What we can learn from Sophiatown

Sophiatown

During Monday’s Assembly, I spoke about Sophiatown, an area of Johannesburg that by the 1930s had developed into a multi-ethnic community.

Through a mix of indigenous cultures and the influence of American jazz and cinema, Sophiatown became a hotbed of culture for three decades – music, journalism, literature, photography, theatre all flourished. Drum magazine, launched in the early 1950s and aimed at the Black urban population, was significant in encouraging these arts as well as documenting the injustices under apartheid. Musicians such as Miriam Makeba and Hugh Masekela, composer and journalist Todd Matshikiza, writers, Can Themba and Es’kia Mphahlele, actor and short story writer Bloke Modisane all lived and worked in Sophiatown and were influenced by life there.

Es’kia Mphahlele and Bloke Modisane

Writer, Es’kia Mphahlele and writer / actor, Bloke Modisane

The ethnic mix of Sophiatown flew in the face of apartheid policies. In 1955, despite individual and mass protests, the authorities started the first forced removals, dismantling the township, relocating people to areas in and around Johannesburg – to areas designated by ethnicity. My wife’s family, parents and grandparents were part of this forced removal. Over the next few years, forced removals and the bulldozing of houses continued. Sophiatown was designated a ‘whites only’ area and renamed ‘Triomf’.

But the struggle against apartheid went on.  Although many artists had their work banned, through their influence, whether at home under the apartheid laws or overseas in exile, they shaped attitudes and worked for political change. In 1963 Miriam Makeba was invited to speak at the United Nations to explain how life was under apartheid. Subsequently banned from returning home, she continued to bring awareness about the situation in South Africa to audiences around the world through her performances.

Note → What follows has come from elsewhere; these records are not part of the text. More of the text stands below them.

lemma square_div_perturbed_smallo:
  fixes a :: real and h :: "real \<Rightarrow> real"
  assumes "0 < a" "(h \<longlongrightarrow> 0) (at 0)"
  shows "(\<lambda>e. e\<^sup>2 / (2 * a + h e) - e\<^sup>2 / (2 * a)) \<in> o[at 0](\<lambda>e. e\<^sup>2)"
proof (rule smalloI_tendsto)
  have "((\<lambda>e. 1 / (2 * a + h e) - 1 / (2 * a)) \<longlongrightarrow> 1 / (2 * a + 0) - 1 / (2 * a)) (at 0)"
    using assms by (intro tendsto_intros) auto
  then have "((\<lambda>e. 1 / (2 * a + h e) - 1 / (2 * a)) \<longlongrightarrow> 0) (at 0)" by simp
  then show "((\<lambda>e. (e\<^sup>2 / (2 * a + h e) - e\<^sup>2 / (2 * a)) / e\<^sup>2) \<longlongrightarrow> 0) (at 0)"
    by (rule Lim_transform_eventually) (auto simp: eventually_at_filter diff_divide_distrib)
  show "\<forall>\<^sub>F e in at (0::real). e\<^sup>2 \<noteq> 0" by (simp add: eventually_neq_at_within)
qed

lemma sqrt_sum_squares_minus_smallo:
  fixes a :: real
  assumes "0 < a"
  shows "(\<lambda>e. (sqrt (a\<^sup>2 + e\<^sup>2) - a) - e\<^sup>2 / (2 * a)) \<in> o[at 0](\<lambda>e. e\<^sup>2)"
proof -
  have "((\<lambda>e. sqrt (a\<^sup>2 + e\<^sup>2) - a) \<longlongrightarrow> sqrt (a\<^sup>2 + 0\<^sup>2) - a) (at 0)"
    by (intro tendsto_intros)
  then have "(\<lambda>e. e\<^sup>2 / (2 * a + (sqrt (a\<^sup>2 + e\<^sup>2) - a)) - e\<^sup>2 / (2 * a)) \<in> o[at 0](\<lambda>e. e\<^sup>2)"
    using assms by (intro square_div_perturbed_smallo) auto
  then show ?thesis
    using sqrt_sum_squares_minus_eq[of a] assms by (simp add: add.commute)
qed

theorem theorem2p6:
  fixes VA VB :: "(real ^ 'd) set" and w :: "real ^ 'd" and k :: nat
    and u v :: "nat \<Rightarrow> real ^ 'd"
  assumes "subspace VA" and "subspace VB"
    and "dim VA = k" and "dim VB = k"
    and "norm w = 1"
    and "principal_vectors VA VB k u v"
    and "norm (orth_proj VA w) \<ge> norm (orth_proj VB w)"
  shows
    "let KA = norm (orth_proj VA w); KB = norm (orth_proj VB w);
         KAB = norm (orth_proj (subspace_sum VA VB) w);
         \<Delta> = KAB - max KA KB;
         \<eta> = private_info k u v w
     in \<Delta> = sqrt (KA\<^sup>2 + \<eta>\<^sup>2) - KA
        \<and> \<eta>\<^sup>2 / (2 * KA + \<eta>) \<le> \<Delta> \<and> \<Delta> \<le> \<eta>
        \<and> (KA = 0 \<longrightarrow> \<Delta> = \<eta>)
        \<and> (KA > 0 \<longrightarrow>
             (\<lambda>e::real. (sqrt (KA\<^sup>2 + e\<^sup>2) - KA) - e\<^sup>2 / (2 * KA)) \<in> o[at 0](\<lambda>e. e\<^sup>2)
           \<and> (\<lambda>e::real. e\<^sup>2 / (2 * KA + e) - e\<^sup>2 / (2 * KA)) \<in> o[at 0](\<lambda>e. e\<^sup>2))"
proof -
  define KA where "KA = norm (orth_proj VA w)"
  define KAB where "KAB = norm (orth_proj (subspace_sum VA VB) w)"
  define \<eta> where "\<eta> = private_info k u v w"
  have "0 \<le> \<eta>" unfolding \<eta>_def private_info_def by (simp add: sum_nonneg)
  have "KAB\<^sup>2 = KA\<^sup>2 + \<eta>\<^sup>2"
    unfolding KA_def KAB_def \<eta>_def using assms(6,1-4) by (rule norm_orth_proj_subspace_sum_squared)
  then have KAB: "KAB = sqrt (KA\<^sup>2 + \<eta>\<^sup>2)" unfolding KAB_def by (simp add: real_sqrt_unique)
  have max: "max KA (norm (orth_proj VB w)) = KA" using assms(7) unfolding KA_def by simp
  have "KA > 0 \<longrightarrow> (\<lambda>e. e\<^sup>2 / (2 * KA + e) - e\<^sup>2 / (2 * KA)) \<in> o[at 0](\<lambda>e. e\<^sup>2)"
    using square_div_perturbed_smallo[of KA "\<lambda>e. e"] by simp
  then show ?thesis
    unfolding Let_def KA_def[symmetric] KAB_def[symmetric] \<eta>_def[symmetric] max KAB
    using sqrt_sum_squares_minus_ge[of KA \<eta>] sqrt_sum_squares_le_sum[of KA \<eta>]
      sqrt_sum_squares_minus_smallo[of KA] \<open>0 \<le> \<eta>\<close>
    by (auto simp: KA_def)
qed

end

Sophiatown - Nelson Mandela

Nelson Mandela

Over the next thirty and more years, international opinion and political conditions changed, domestic unrest increased and eventually the new democratic South Africa arrived. In the elections of 1994, Nelson Mandela was voted in as president and the principle of diversity was enshrined in the new constitution. Just as the rich cultural life of Sophiatown had an impact on shaping the new South Africa, so too the values we portray through art, photography, music, writing and drama – all accomplishments for which Bedales students are notable – can influence people and help bring about justice and change in the wider world.